##### RECORDS FOR THIS EXERCISE #####

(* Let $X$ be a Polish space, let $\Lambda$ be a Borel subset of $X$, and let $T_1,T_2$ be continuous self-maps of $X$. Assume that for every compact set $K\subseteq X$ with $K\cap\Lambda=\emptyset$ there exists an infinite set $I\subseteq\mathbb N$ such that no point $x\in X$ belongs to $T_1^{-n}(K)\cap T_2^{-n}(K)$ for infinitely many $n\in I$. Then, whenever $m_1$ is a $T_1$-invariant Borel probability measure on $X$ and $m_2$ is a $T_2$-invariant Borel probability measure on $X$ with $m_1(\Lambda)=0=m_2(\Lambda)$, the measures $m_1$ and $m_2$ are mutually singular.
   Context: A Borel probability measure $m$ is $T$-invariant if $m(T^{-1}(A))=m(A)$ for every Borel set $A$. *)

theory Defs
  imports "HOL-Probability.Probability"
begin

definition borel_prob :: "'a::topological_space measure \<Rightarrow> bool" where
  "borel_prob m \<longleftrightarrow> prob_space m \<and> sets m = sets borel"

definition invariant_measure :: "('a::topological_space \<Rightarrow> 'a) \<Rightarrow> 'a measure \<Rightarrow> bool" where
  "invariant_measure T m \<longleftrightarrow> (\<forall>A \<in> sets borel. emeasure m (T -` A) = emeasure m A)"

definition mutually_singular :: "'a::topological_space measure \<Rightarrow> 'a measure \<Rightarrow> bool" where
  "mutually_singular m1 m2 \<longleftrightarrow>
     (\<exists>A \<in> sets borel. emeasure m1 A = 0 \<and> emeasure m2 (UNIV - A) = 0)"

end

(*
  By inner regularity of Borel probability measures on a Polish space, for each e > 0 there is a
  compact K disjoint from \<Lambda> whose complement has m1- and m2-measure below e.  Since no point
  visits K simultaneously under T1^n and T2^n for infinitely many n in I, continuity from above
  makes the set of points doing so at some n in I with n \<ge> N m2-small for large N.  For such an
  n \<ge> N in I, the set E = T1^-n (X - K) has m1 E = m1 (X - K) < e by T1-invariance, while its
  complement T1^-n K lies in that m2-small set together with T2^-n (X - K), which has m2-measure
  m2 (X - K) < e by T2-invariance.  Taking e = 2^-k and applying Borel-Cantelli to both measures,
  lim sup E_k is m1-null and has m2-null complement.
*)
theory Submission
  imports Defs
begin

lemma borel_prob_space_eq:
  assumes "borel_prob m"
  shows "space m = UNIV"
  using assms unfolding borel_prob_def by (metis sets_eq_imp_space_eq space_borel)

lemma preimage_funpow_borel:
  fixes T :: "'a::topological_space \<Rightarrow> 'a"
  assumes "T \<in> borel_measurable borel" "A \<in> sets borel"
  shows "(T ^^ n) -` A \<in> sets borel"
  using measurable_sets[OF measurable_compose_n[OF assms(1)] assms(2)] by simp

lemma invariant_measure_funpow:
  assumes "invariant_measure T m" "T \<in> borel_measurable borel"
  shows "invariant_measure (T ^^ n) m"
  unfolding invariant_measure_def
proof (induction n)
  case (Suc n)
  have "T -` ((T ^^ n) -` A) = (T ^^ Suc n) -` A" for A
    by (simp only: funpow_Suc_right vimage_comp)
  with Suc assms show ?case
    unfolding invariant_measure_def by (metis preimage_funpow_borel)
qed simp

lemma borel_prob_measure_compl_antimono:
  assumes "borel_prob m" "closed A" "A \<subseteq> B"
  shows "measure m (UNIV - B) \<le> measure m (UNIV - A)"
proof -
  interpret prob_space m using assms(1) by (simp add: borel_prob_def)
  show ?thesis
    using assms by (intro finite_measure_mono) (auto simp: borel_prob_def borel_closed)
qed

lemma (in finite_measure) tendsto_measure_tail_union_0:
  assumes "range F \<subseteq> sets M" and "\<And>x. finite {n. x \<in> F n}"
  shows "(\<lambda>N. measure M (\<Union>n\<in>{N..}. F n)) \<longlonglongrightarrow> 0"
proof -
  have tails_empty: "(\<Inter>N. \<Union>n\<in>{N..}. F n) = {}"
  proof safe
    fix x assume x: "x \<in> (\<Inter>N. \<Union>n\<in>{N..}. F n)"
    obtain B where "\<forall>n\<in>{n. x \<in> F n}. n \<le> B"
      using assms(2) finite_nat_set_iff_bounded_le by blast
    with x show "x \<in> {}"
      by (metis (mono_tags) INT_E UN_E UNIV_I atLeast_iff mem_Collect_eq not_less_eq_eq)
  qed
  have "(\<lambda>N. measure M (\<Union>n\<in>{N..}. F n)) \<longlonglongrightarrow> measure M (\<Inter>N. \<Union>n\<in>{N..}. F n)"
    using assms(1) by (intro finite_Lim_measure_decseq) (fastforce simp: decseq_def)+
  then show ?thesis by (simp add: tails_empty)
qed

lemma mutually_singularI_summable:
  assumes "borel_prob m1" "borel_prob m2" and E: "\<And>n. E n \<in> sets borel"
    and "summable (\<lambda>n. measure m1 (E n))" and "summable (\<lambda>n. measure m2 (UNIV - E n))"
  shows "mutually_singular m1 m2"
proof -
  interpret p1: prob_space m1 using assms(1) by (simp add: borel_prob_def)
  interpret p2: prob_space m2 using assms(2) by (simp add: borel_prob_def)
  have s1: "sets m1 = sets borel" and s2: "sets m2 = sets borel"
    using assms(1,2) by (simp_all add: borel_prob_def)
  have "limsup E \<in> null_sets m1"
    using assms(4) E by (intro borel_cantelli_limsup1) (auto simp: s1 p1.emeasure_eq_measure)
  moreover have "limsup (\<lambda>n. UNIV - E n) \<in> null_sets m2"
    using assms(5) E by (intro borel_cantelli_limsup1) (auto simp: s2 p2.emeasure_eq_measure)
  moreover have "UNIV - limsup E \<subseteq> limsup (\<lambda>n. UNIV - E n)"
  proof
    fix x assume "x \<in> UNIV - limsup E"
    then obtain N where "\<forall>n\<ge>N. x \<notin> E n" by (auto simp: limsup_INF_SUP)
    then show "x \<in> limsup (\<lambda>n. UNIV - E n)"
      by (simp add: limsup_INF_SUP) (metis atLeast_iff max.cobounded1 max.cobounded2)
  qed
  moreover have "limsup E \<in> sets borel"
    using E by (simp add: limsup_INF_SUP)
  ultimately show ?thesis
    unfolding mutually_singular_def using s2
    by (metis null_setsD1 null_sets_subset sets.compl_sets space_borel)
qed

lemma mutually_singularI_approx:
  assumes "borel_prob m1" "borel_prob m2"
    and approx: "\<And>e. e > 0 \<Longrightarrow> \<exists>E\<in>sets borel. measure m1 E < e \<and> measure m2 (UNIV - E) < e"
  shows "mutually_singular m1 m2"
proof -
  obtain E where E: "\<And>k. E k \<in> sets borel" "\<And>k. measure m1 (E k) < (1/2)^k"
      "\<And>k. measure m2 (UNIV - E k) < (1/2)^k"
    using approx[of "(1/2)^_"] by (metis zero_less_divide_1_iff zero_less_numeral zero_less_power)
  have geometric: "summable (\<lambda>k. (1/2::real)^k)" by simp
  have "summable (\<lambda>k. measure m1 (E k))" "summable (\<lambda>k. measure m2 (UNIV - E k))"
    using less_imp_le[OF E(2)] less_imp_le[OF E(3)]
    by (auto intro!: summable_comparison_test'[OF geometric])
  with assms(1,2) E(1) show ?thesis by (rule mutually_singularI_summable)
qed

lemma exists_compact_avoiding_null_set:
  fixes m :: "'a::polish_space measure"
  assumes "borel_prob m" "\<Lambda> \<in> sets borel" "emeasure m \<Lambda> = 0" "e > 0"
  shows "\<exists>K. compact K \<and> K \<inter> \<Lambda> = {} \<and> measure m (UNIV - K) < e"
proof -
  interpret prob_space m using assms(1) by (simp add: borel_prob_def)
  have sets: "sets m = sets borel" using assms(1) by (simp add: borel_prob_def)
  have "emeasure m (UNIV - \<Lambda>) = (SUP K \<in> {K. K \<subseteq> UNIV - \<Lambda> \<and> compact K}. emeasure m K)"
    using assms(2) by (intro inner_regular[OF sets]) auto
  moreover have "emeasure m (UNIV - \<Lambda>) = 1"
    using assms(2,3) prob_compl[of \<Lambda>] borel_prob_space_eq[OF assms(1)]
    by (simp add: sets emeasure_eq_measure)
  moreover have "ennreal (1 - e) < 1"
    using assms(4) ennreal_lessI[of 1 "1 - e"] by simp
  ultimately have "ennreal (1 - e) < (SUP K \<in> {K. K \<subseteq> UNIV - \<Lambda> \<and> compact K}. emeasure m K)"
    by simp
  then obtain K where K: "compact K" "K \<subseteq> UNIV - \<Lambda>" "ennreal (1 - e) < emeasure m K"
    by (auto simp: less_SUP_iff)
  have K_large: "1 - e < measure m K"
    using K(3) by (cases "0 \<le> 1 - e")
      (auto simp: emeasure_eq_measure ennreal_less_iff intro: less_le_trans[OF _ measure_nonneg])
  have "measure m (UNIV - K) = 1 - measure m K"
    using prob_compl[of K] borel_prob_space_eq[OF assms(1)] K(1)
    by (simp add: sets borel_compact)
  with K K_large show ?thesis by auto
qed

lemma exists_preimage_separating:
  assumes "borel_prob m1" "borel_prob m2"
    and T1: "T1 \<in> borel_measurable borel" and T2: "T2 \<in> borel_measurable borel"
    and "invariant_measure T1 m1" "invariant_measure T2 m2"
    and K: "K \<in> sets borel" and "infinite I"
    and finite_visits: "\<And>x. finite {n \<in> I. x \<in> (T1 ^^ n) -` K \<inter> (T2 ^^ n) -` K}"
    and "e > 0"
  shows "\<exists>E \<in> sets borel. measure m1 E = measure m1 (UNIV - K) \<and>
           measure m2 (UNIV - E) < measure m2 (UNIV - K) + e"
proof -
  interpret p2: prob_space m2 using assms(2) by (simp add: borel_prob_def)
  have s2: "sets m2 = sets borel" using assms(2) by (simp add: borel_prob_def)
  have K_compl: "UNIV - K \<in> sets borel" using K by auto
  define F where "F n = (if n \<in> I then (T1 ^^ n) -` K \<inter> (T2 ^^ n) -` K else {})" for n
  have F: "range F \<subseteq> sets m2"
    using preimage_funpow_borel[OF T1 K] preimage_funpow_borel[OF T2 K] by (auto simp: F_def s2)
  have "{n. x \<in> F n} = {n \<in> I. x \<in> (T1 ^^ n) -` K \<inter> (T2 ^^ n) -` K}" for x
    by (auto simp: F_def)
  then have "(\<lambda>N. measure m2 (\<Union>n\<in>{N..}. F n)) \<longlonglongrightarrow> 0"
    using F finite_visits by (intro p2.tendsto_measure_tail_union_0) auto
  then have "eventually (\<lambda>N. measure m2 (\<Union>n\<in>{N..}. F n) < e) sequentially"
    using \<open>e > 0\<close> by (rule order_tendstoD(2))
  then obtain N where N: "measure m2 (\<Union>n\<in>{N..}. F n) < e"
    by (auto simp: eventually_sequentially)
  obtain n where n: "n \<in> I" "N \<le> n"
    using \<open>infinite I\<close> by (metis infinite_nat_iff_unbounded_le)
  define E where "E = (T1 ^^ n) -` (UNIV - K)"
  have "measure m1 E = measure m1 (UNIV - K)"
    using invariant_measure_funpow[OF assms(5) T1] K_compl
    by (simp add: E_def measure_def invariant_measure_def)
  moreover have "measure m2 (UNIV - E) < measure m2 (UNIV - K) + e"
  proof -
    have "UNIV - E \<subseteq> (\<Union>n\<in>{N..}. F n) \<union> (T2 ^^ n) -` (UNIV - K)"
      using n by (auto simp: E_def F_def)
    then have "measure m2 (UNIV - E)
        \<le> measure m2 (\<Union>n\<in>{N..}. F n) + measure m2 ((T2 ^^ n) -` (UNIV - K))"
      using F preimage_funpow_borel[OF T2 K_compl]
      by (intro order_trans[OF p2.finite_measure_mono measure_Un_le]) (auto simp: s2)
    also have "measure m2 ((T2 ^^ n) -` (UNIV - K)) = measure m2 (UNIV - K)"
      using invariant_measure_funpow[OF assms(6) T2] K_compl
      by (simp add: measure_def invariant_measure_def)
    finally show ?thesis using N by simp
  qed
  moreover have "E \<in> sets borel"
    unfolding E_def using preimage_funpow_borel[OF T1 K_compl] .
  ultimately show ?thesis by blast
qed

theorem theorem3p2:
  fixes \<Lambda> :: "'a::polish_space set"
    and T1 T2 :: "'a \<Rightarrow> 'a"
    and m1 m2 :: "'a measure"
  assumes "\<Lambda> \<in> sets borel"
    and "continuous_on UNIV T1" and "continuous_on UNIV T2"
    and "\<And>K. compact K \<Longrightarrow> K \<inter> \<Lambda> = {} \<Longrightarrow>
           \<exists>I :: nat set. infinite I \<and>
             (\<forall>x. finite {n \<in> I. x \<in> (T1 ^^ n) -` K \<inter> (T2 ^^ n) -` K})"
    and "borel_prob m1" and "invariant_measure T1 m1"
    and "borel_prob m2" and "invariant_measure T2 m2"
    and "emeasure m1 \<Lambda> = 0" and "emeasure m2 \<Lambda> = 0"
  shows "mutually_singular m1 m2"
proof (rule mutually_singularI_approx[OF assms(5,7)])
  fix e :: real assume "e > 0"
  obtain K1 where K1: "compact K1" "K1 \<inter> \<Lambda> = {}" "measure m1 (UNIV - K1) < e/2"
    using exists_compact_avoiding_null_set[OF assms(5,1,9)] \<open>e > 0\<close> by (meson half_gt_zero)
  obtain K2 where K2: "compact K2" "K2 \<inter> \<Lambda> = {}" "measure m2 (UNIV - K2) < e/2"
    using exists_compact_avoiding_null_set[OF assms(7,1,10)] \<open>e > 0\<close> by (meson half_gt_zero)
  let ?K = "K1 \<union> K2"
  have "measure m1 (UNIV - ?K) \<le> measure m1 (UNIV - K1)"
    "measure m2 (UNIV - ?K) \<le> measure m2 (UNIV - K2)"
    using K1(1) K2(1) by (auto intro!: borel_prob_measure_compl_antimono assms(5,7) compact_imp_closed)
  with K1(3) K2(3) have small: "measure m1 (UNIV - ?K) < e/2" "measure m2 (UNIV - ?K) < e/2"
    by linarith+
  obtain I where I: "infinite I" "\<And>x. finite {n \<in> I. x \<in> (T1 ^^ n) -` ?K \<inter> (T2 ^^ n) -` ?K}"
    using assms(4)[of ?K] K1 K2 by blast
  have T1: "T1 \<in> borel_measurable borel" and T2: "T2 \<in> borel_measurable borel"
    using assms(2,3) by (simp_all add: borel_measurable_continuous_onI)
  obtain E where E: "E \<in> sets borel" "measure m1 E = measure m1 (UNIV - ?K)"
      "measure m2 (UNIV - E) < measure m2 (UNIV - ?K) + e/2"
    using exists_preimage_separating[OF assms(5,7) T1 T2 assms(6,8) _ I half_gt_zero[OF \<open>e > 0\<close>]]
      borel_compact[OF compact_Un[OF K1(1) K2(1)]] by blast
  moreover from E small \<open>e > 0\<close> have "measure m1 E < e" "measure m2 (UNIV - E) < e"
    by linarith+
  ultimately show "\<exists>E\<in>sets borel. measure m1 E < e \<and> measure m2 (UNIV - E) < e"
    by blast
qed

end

#####

HOW TO COMPLETE THIS TASK:
The word "longlonglongrightarrow" may appear in several lines of the data; copy every line where it does.

YOUR SOLUTION:
  shows "(\<lambda>N. measure M (\<Union>n\<in>{N..}. F n)) \<longlonglongrightarrow> 0"
  have "(\<lambda>N. measure M (\<Union>n\<in>{N..}. F n)) \<longlonglongrightarrow> measure M (\<Inter>N. \<Union>n\<in>{N..}. F n)"
  then have "(\<lambda>N. measure m2 (\<Union>n\<in>{N..}. F n)) \<longlonglongrightarrow> 0"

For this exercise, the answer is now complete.